• [What you should do]
Locate the string "hyps" throughout the material and copy every line in which it occurs.

###

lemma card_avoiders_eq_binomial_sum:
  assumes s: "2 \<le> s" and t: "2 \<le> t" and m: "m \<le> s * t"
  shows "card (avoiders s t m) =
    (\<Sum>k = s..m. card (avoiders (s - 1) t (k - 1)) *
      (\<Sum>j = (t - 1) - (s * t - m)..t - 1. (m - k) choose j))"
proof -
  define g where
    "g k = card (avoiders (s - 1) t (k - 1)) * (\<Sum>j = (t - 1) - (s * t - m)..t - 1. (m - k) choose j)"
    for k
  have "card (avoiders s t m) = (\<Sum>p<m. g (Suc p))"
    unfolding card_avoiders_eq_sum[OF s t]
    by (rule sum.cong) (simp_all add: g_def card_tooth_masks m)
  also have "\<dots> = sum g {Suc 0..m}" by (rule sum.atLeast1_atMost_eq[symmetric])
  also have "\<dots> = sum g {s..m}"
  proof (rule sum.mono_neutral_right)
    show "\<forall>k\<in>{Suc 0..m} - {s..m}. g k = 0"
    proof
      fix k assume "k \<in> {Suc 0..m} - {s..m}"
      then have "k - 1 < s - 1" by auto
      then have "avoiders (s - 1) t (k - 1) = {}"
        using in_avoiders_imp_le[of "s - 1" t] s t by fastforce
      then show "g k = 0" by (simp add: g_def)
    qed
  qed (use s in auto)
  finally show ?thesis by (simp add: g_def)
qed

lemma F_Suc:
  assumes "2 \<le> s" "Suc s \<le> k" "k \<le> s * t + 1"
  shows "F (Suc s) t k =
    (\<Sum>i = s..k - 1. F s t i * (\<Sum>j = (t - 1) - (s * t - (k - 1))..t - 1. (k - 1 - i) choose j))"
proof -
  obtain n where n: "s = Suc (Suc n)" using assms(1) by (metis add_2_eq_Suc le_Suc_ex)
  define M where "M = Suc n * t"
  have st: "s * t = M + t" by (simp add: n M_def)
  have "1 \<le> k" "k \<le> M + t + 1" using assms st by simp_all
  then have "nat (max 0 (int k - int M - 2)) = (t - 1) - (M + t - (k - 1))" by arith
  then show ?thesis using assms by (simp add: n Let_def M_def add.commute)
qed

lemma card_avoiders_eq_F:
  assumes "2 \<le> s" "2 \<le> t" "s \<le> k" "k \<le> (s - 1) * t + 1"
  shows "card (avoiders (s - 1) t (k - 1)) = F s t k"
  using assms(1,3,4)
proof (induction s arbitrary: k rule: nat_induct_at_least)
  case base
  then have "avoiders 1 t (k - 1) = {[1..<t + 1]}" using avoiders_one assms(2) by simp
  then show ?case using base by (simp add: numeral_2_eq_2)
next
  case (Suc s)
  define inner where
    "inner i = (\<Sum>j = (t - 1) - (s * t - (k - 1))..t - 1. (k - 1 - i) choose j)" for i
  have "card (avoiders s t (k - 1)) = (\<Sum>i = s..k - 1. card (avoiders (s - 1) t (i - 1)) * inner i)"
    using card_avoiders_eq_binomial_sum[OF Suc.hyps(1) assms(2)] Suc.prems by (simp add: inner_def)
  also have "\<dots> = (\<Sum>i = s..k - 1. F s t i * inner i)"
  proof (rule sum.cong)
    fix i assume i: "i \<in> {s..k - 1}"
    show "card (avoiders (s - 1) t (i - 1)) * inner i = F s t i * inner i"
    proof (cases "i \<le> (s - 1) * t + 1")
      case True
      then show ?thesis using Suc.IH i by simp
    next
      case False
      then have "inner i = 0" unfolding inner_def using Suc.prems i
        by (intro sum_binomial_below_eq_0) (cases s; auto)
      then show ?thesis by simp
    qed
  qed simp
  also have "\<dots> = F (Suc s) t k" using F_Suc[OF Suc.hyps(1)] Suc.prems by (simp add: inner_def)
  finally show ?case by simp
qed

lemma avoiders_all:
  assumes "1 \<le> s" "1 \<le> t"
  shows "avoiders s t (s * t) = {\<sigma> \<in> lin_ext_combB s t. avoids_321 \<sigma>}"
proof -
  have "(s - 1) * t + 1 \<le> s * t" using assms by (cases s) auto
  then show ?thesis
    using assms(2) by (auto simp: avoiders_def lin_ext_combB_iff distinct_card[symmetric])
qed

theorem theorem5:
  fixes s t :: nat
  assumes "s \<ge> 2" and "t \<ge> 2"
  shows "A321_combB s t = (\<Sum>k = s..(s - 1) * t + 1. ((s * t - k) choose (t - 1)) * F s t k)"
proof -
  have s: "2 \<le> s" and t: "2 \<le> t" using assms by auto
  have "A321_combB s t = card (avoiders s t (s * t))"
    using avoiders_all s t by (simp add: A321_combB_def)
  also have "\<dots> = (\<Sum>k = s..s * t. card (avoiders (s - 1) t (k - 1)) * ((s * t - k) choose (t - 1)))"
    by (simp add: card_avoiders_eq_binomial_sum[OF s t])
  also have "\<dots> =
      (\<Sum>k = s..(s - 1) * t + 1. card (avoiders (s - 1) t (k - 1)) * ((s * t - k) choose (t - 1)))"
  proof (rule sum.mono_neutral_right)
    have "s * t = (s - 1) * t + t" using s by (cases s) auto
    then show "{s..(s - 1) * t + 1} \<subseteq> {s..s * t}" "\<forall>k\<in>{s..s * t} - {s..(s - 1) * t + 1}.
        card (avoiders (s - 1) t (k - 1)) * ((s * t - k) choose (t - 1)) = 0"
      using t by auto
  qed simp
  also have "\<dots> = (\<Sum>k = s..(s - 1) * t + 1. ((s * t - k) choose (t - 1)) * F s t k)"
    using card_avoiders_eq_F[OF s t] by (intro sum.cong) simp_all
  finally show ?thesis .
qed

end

###

• [Task output]
    using card_avoiders_eq_binomial_sum[OF Suc.hyps(1) assms(2)] Suc.prems by (simp add: inner_def)
  also have "\<dots> = F (Suc s) t k" using F_Suc[OF Suc.hyps(1)] Suc.prems by (simp add: inner_def)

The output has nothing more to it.